■ Problem requirements: Each entry must appear in the answer exactly as given.

[Records contained in a dataset]
lemma transverse_flux_limits:
  fixes J :: "real \<Rightarrow> real \<Rightarrow> real"
  assumes cont_y: "\<And>z. z > a \<Longrightarrow> continuous_on {0..} (J z)"
    and cont_z: "\<And>y. y > 0 \<Longrightarrow> continuous_on {a<..} (\<lambda>z. J z y)"
    and decay: "\<And>z y. z > a \<Longrightarrow> y > 0 \<Longrightarrow> \<bar>J z y\<bar> \<le> C / (1 + z\<^sup>2 + y\<^sup>2)\<^sup>2"
    and zero: "\<And>z. z > a \<Longrightarrow> J z 0 = 0"
  shows "((\<lambda>y. LBINT z:{a<..}. (\<alpha> * y + \<beta> * z) * J z y) \<longlongrightarrow> 0) (at 0 within {0..})"
    and "((\<lambda>y. LBINT z:{a<..}. (\<alpha> * y + \<beta> * z) * J z y) \<longlongrightarrow> 0) at_top"
proof -
  have bound: "\<bar>(\<alpha> * y + \<beta> * z) * J z y\<bar> \<le> (\<bar>\<alpha>\<bar> + \<bar>\<beta>\<bar>) * C / (1 + z\<^sup>2)"
    and bound_y: "\<bar>(\<alpha> * y + \<beta> * z) * J z y\<bar> \<le> (\<bar>\<alpha>\<bar> + \<bar>\<beta>\<bar>) * C / (1 + y\<^sup>2)"
    if "z > a" "y > 0" for z y
    using abs_affine_mult_le_decay[of "J z y" C z y 0 \<beta> \<alpha>] decay[OF that] by (simp_all add: add.commute)
  have meas: "set_borel_measurable lborel {a<..} (\<lambda>z. (\<alpha> * y + \<beta> * z) * J z y)" if "y > 0" for y
    using cont_z[OF that] by (intro set_borel_measurable_continuous_on continuous_intros) auto
  have w: "set_integrable lborel {a<..} (\<lambda>z. (\<bar>\<alpha>\<bar> + \<bar>\<beta>\<bar>) * C / (1 + z\<^sup>2))"
    by (rule set_integrable_const_divide_1_plus_square) simp
  show "((\<lambda>y. LBINT z:{a<..}. (\<alpha> * y + \<beta> * z) * J z y) \<longlongrightarrow> 0) (at 0 within {0..})"
  proof (rule tendsto_set_integral_at_within[OF meas w bound])
    show "((\<lambda>y. (\<alpha> * y + \<beta> * z) * J z y) \<longlongrightarrow> 0) (at 0 within {0..})" if "z \<in> {a<..}" for z
    proof -
      have "((\<lambda>y. (\<alpha> * y + \<beta> * z) * J z y) \<longlongrightarrow> (\<alpha> * 0 + \<beta> * z) * J z 0) (at 0 within {0..})"
        using cont_y that by (intro tendsto_intros) (auto simp: continuous_on_def)
      then show ?thesis
        using zero that by simp
    qed
  qed auto
  show "((\<lambda>y. LBINT z:{a<..}. (\<alpha> * y + \<beta> * z) * J z y) \<longlongrightarrow> 0) at_top"
  proof (rule tendsto_set_integral_at_top[where c = 1, OF meas w bound])
    show "((\<lambda>y. (\<alpha> * y + \<beta> * z) * J z y) \<longlongrightarrow> 0) at_top" if "z \<in> {a<..}" for z
    proof (rule tendsto_zero_inverse_square_bound)
      show "\<forall>\<^sub>F y in at_top. \<bar>(\<alpha> * y + \<beta> * z) * J z y\<bar> \<le> (\<bar>\<alpha>\<bar> + \<bar>\<beta>\<bar>) * C / (1 + y\<^sup>2)"
        using eventually_gt_at_top[of 0] by eventually_elim (use bound_y that in auto)
    qed
  qed auto
qed

lemma set_integral_transverse_flux:
  fixes J :: "real \<Rightarrow> real \<Rightarrow> real"
  assumes cont_y: "\<And>z. z > a \<Longrightarrow> continuous_on {0..} (J z)"
    and cont_z: "\<And>y. y > 0 \<Longrightarrow> continuous_on {a<..} (\<lambda>z. J z y)"
    and cont_z': "\<And>y. y > 0 \<Longrightarrow> continuous_on {a<..} (\<lambda>z. deriv (J z) y)"
    and diff: "\<And>z y. z > a \<Longrightarrow> y > 0 \<Longrightarrow> J z differentiable (at y)"
    and decay: "\<And>z y. z > a \<Longrightarrow> y > 0 \<Longrightarrow>
                  \<bar>J z y\<bar> \<le> C / (1 + z\<^sup>2 + y\<^sup>2)\<^sup>2 \<and> \<bar>deriv (J z) y\<bar> \<le> C / (1 + z\<^sup>2 + y\<^sup>2)\<^sup>2"
    and zero: "\<And>z. z > a \<Longrightarrow> J z 0 = 0"
    and int: "set_integrable lborel {0<..} (\<lambda>y. LBINT z:{a<..}. deriv (\<lambda>w. (\<alpha> * w + \<beta> * z) * J z w) y)"
  shows "(LBINT y:{0<..}. LBINT z:{a<..}. deriv (\<lambda>w. (\<alpha> * w + \<beta> * z) * J z w) y) = 0"
proof -
  let ?K = "\<lambda>y. LBINT z:{a<..}. (\<alpha> * y + \<beta> * z) * J z y"
  note deriv = has_real_derivative_transverse_flux[OF cont_z cont_z' diff decay]
  note limits = transverse_flux_limits[OF cont_y cont_z _ zero, of C \<alpha> \<beta>]
  have "?K 0 = 0"
    using zero by (simp add: set_lebesgue_integral_cong[of "{a<..}" lborel _ "\<lambda>_. 0"])
  have "continuous (at y within {0..}) ?K" if "y \<in> {0..}" for y
  proof (cases "y = 0")
    case True
    then show ?thesis
      using limits(1) decay \<open>?K 0 = 0\<close> by (simp add: continuous_within)
  next
    case False
    then show ?thesis
      using that DERIV_isCont[OF deriv] by (auto intro: continuous_at_imp_continuous_at_within)
  qed
  then have "continuous_on {0..} ?K"
    by (simp add: continuous_on_eq_continuous_within)
  from set_integral_Ioi_FTC[OF this deriv int limits(2)] decay \<open>?K 0 = 0\<close> show ?thesis
    by simp
qed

■ Task answer:
lemma transverse_flux_limits:
  fixes J :: "real \<Rightarrow> real \<Rightarrow> real"
  assumes cont_y: "\<And>z. z > a \<Longrightarrow> continuous_on {0..} (J z)"
    and cont_z: "\<And>y. y > 0 \<Longrightarrow> continuous_on {a<..} (\<lambda>z. J z y)"
    and decay: "\<And>z y. z > a \<Longrightarrow> y > 0 \<Longrightarrow> \<bar>J z y\<bar> \<le> C / (1 + z\<^sup>2 + y\<^sup>2)\<^sup>2"
    and zero: "\<And>z. z > a \<Longrightarrow> J z 0 = 0"
  shows "((\<lambda>y. LBINT z:{a<..}. (\<alpha> * y + \<beta> * z) * J z y) \<longlongrightarrow> 0) (at 0 within {0..})"
    and "((\<lambda>y. LBINT z:{a<..}. (\<alpha> * y + \<beta> * z) * J z y) \<longlongrightarrow> 0) at_top"
proof -
  have bound: "\<bar>(\<alpha> * y + \<beta> * z) * J z y\<bar> \<le> (\<bar>\<alpha>\<bar> + \<bar>\<beta>\<bar>) * C / (1 + z\<^sup>2)"
    and bound_y: "\<bar>(\<alpha> * y + \<beta> * z) * J z y\<bar> \<le> (\<bar>\<alpha>\<bar> + \<bar>\<beta>\<bar>) * C / (1 + y\<^sup>2)"
    if "z > a" "y > 0" for z y
    using abs_affine_mult_le_decay[of "J z y" C z y 0 \<beta> \<alpha>] decay[OF that] by (simp_all add: add.commute)
  have meas: "set_borel_measurable lborel {a<..} (\<lambda>z. (\<alpha> * y + \<beta> * z) * J z y)" if "y > 0" for y
    using cont_z[OF that] by (intro set_borel_measurable_continuous_on continuous_intros) auto
  have w: "set_integrable lborel {a<..} (\<lambda>z. (\<bar>\<alpha>\<bar> + \<bar>\<beta>\<bar>) * C / (1 + z\<^sup>2))"
    by (rule set_integrable_const_divide_1_plus_square) simp
  show "((\<lambda>y. LBINT z:{a<..}. (\<alpha> * y + \<beta> * z) * J z y) \<longlongrightarrow> 0) (at 0 within {0..})"
  proof (rule tendsto_set_integral_at_within[OF meas w bound])
    show "((\<lambda>y. (\<alpha> * y + \<beta> * z) * J z y) \<longlongrightarrow> 0) (at 0 within {0..})" if "z \<in> {a<..}" for z
    proof -
      have "((\<lambda>y. (\<alpha> * y + \<beta> * z) * J z y) \<longlongrightarrow> (\<alpha> * 0 + \<beta> * z) * J z 0) (at 0 within {0..})"
        using cont_y that by (intro tendsto_intros) (auto simp: continuous_on_def)
      then show ?thesis
        using zero that by simp
    qed
  qed auto
  show "((\<lambda>y. LBINT z:{a<..}. (\<alpha> * y + \<beta> * z) * J z y) \<longlongrightarrow> 0) at_top"
  proof (rule tendsto_set_integral_at_top[where c = 1, OF meas w bound])
    show "((\<lambda>y. (\<alpha> * y + \<beta> * z) * J z y) \<longlongrightarrow> 0) at_top" if "z \<in> {a<..}" for z
    proof (rule tendsto_zero_inverse_square_bound)
      show "\<forall>\<^sub>F y in at_top. \<bar>(\<alpha> * y + \<beta> * z) * J z y\<bar> \<le> (\<bar>\<alpha>\<bar> + \<bar>\<beta>\<bar>) * C / (1 + y\<^sup>2)"
        using eventually_gt_at_top[of 0] by eventually_elim (use bound_y that in auto)
    qed
  qed auto
qed

lemma set_integral_transverse_flux:
  fixes J :: "real \<Rightarrow> real \<Rightarrow> real"
  assumes cont_y: "\<And>z. z > a \<Longrightarrow> continuous_on {0..} (J z)"
    and cont_z: "\<And>y. y > 0 \<Longrightarrow> continuous_on {a<..} (\<lambda>z. J z y)"
    and cont_z': "\<And>y. y > 0 \<Longrightarrow> continuous_on {a<..} (\<lambda>z. deriv (J z) y)"
    and diff: "\<And>z y. z > a \<Longrightarrow> y > 0 \<Longrightarrow> J z differentiable (at y)"
    and decay: "\<And>z y. z > a \<Longrightarrow> y > 0 \<Longrightarrow>
                  \<bar>J z y\<bar> \<le> C / (1 + z\<^sup>2 + y\<^sup>2)\<^sup>2 \<and> \<bar>deriv (J z) y\<bar> \<le> C / (1 + z\<^sup>2 + y\<^sup>2)\<^sup>2"
    and zero: "\<And>z. z > a \<Longrightarrow> J z 0 = 0"
    and int: "set_integrable lborel {0<..} (\<lambda>y. LBINT z:{a<..}. deriv (\<lambda>w. (\<alpha> * w + \<beta> * z) * J z w) y)"
  shows "(LBINT y:{0<..}. LBINT z:{a<..}. deriv (\<lambda>w. (\<alpha> * w + \<beta> * z) * J z w) y) = 0"
proof -
  let ?K = "\<lambda>y. LBINT z:{a<..}. (\<alpha> * y + \<beta> * z) * J z y"
  note deriv = has_real_derivative_transverse_flux[OF cont_z cont_z' diff decay]
  note limits = transverse_flux_limits[OF cont_y cont_z _ zero, of C \<alpha> \<beta>]
  have "?K 0 = 0"
    using zero by (simp add: set_lebesgue_integral_cong[of "{a<..}" lborel _ "\<lambda>_. 0"])
  have "continuous (at y within {0..}) ?K" if "y \<in> {0..}" for y
  proof (cases "y = 0")
    case True
    then show ?thesis
      using limits(1) decay \<open>?K 0 = 0\<close> by (simp add: continuous_within)
  next
    case False
    then show ?thesis
      using that DERIV_isCont[OF deriv] by (auto intro: continuous_at_imp_continuous_at_within)
  qed
  then have "continuous_on {0..} ?K"
    by (simp add: continuous_on_eq_continuous_within)
  from set_integral_Ioi_FTC[OF this deriv int limits(2)] decay \<open>?K 0 = 0\<close> show ?thesis
    by simp
qed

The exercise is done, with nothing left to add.